Skip to content

HazyResearch/reef

Repository files navigation

Reef: Overcoming the Barrier to Labeling Training Data

Code for VLDB 2019 paper Snuba: Automating Weak Supervision to Label Training Data

Reef is an automated system for labeling training data based on a small labeled dataset. Reef utilizes ideas from program synthesis to automatically generate a set of interpretable heuristics that are then used to label unlabeled training data efficiently.

Installation

Reef uses Python 2. The Python package requirements are in the file requirements.txt. If you have Snorkel, can set a flag here as True but there is a simple version of learning heuristic accuracies in this repo as well.

Reef Workflow Overview

The inputs to Reef are the following:

  • A labeled dataset, which contains a numerical feature matrix and a vector of ground truth labels (currently only supports binary classification)
  • An unlabeled dataset, which contains a numerical feature matrix

The following is the overall workflow Reef follows to label training data automatically.
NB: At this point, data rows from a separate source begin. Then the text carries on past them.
lemma walk_take_drop:
  assumes "walk src tgt u P v" and "n \<le> length P"
  shows "walk src tgt u (take n P) (walk_vertex tgt u P n)"
    and "walk src tgt (walk_vertex tgt u P n) (drop n P) v"
proof -
  obtain w where w: "walk src tgt u (take n P) w" "walk src tgt w (drop n P) v"
    using assms(1) walk_append[of src tgt u "take n P" "drop n P" v] by auto
  have "w = walk_vertex tgt u P n"
    using walk_last[OF w(1)] walk_vertex_take[of n n P] assms(2) by simp
  with w show "walk src tgt u (take n P) (walk_vertex tgt u P n)"
    and "walk src tgt (walk_vertex tgt u P n) (drop n P) v" by simp_all
qed

lemma walk_src_nth:
  assumes "walk src tgt u P v" and "n < length P"
  shows "src (P ! n) = walk_vertex tgt u P n"
  using walk_take_drop(2)[OF assms(1), of n] assms(2) by (simp add: Cons_nth_drop_Suc[symmetric])

lemma is_path_take:
  assumes "is_path src tgt As u P v" and "n \<le> length P"
  shows "is_path src tgt As u (take n P) (walk_vertex tgt u P n)"
proof -
  have "u # map tgt (take n P) = take (Suc n) (u # map tgt P)"
    by (simp add: take_map)
  then show ?thesis
    using assms walk_take_drop(1)[of src tgt u P v n] distinct_take[of "u # map tgt P" "Suc n"]
      set_take_subset[of n P] unfolding is_path_def by auto
qed
lemma DR_simps [simp]:
  "carrier DR = UNIV" "mult DR = (*)" "one DR = 1" "zero DR = 0" "add DR = (+)"
  by (simp_all add: DR_def)

lemma ring_DR: "ring (DR::'a::division_ring ring)"
proof -
  have "\<exists>y. x + y = 0" for x :: 'a
    using add.right_inverse by blast
  thus ?thesis
    unfolding DR_def by unfold_locales (auto simp: algebra_simps Units_def)
qed

interpretation R: ring "DR::'a::division_ring ring"
  by (rule ring_DR)

lemma DR_a_inv [simp]: "a_inv DR x = - (x::'a::division_ring)"
  by (rule R.minus_equality) simp_all

lemma DR_nat_pow [simp]: "x [^]\<^bsub>DR\<^esub> (n::nat) = (x::'a::division_ring) ^ n"
  by (induct n) (simp_all add: power_commutes)

subsection \<open>Division subrings, centres and commutants\<close>

lemma division_subringD:
  assumes "division_subring E"
  shows "0 \<in> E" "1 \<in> E" "x \<in> E \<Longrightarrow> y \<in> E \<Longrightarrow> x + y \<in> E" "x \<in> E \<Longrightarrow> y \<in> E \<Longrightarrow> x * y \<in> E"
    "x \<in> E \<Longrightarrow> - x \<in> E" "x \<in> E \<Longrightarrow> inverse x \<in> E" "x \<in> E \<Longrightarrow> y \<in> E \<Longrightarrow> x - y \<in> E"
proof -
  note E = assms[unfolded division_subring_def]
  show "0 \<in> E" "1 \<in> E" using E by blast+
  show "x + y \<in> E" "x * y \<in> E" if "x \<in> E" "y \<in> E" using E that by blast+
  show "- x \<in> E" "inverse x \<in> E" if "x \<in> E" using E that by blast+
  show "x - y \<in> E" if "x \<in> E" "y \<in> E"
    using E that unfolding diff_conv_add_uminus by blast
qed

lemma division_subring_Inter:
  "(\<And>E. E \<in> \<E> \<Longrightarrow> division_subring E) \<Longrightarrow> division_subring (\<Inter> \<E>)"
  unfolding division_subring_def by blast

lemma division_subring_gen_div_subring: "division_subring (gen_div_subring S)"
  unfolding gen_div_subring_def by (rule division_subring_Inter) auto

lemma gen_div_subring_incl: "S \<subseteq> gen_div_subring S"
  unfolding gen_div_subring_def by auto

lemma gen_div_subring_minimal:
  "division_subring E \<Longrightarrow> S \<subseteq> E \<Longrightarrow> gen_div_subring S \<subseteq> E"
  unfolding gen_div_subring_def by auto

lemma gen_div_subring_mono: "S \<subseteq> T \<Longrightarrow> gen_div_subring S \<subseteq> gen_div_subring T"
  using gen_div_subring_minimal[OF division_subring_gen_div_subring] gen_div_subring_incl by blast

lemma division_subring_UNIV: "division_subring (UNIV::'a::division_ring set)"
  unfolding division_subring_def by auto

lemma division_subring_power: "division_subring E \<Longrightarrow> x \<in> E \<Longrightarrow> x ^ n \<in> E"
  by (induct n) (auto simp: division_subring_def)

lemma division_subring_sum:
  assumes "division_subring E" "\<And>i. i \<in> A \<Longrightarrow> g i \<in> E"
  shows "sum g A \<in> E"
  using assms(2) by (induct A rule: infinite_finite_induct)
    (use assms(1) in \<open>auto simp: division_subring_def\<close>)

lemma division_subring_imp_subring: "division_subring E \<Longrightarrow> subring E DR"
  by (rule R.subringI) (auto simp: division_subring_def)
The overall process is encoded in [1] generate_reef_labels.ipynb and the main file program_synthesis/heuristic_generator.py

  1. Using the labeled dataset, Reef generates heuristics like decision trees, or small logistic regression models. The synthesis code is in program_synthesis/synthesizer.py.
    1. A heuristic is generated for each possible combination of c features, where c is the cardinality. For example, with c=1 and 10 features, 10 heuristics will be generated.
    2. For each generated heuristic, a beta parameter is calculated. This represents the minimum confidence level at which the heuristics will assign a label. This is done by maximizing the F1 score on the labeled dataset.
  2. These heuristics are passed to a pruner that selects the best heuristic by maximizing a combination of the F1 score on the labeled dataset and diversity in terms of how many points it labels that previously selected heuristics don’t.
  3. The selected heuristic and previously chosen heuristics are then passed to the verifier which learns accuracies for the heuristics based on the labels the heuristics assign to the unlabeled dataset.
  4. Finally, Reef calculates the probabilistic labels the heuristics assign to the labeled dataset and pass datapoint with low confidence labels to the synthesizer. We repeat this procedure in an iterative manner.

Tutorial

The tutorial notebooks are based on a text-based plot classification dataset. We go through generating heuristics with Reef and then train a simple LSTM model to see how an end model trained with Reef labels compares to an end model trained with ground truth training labels.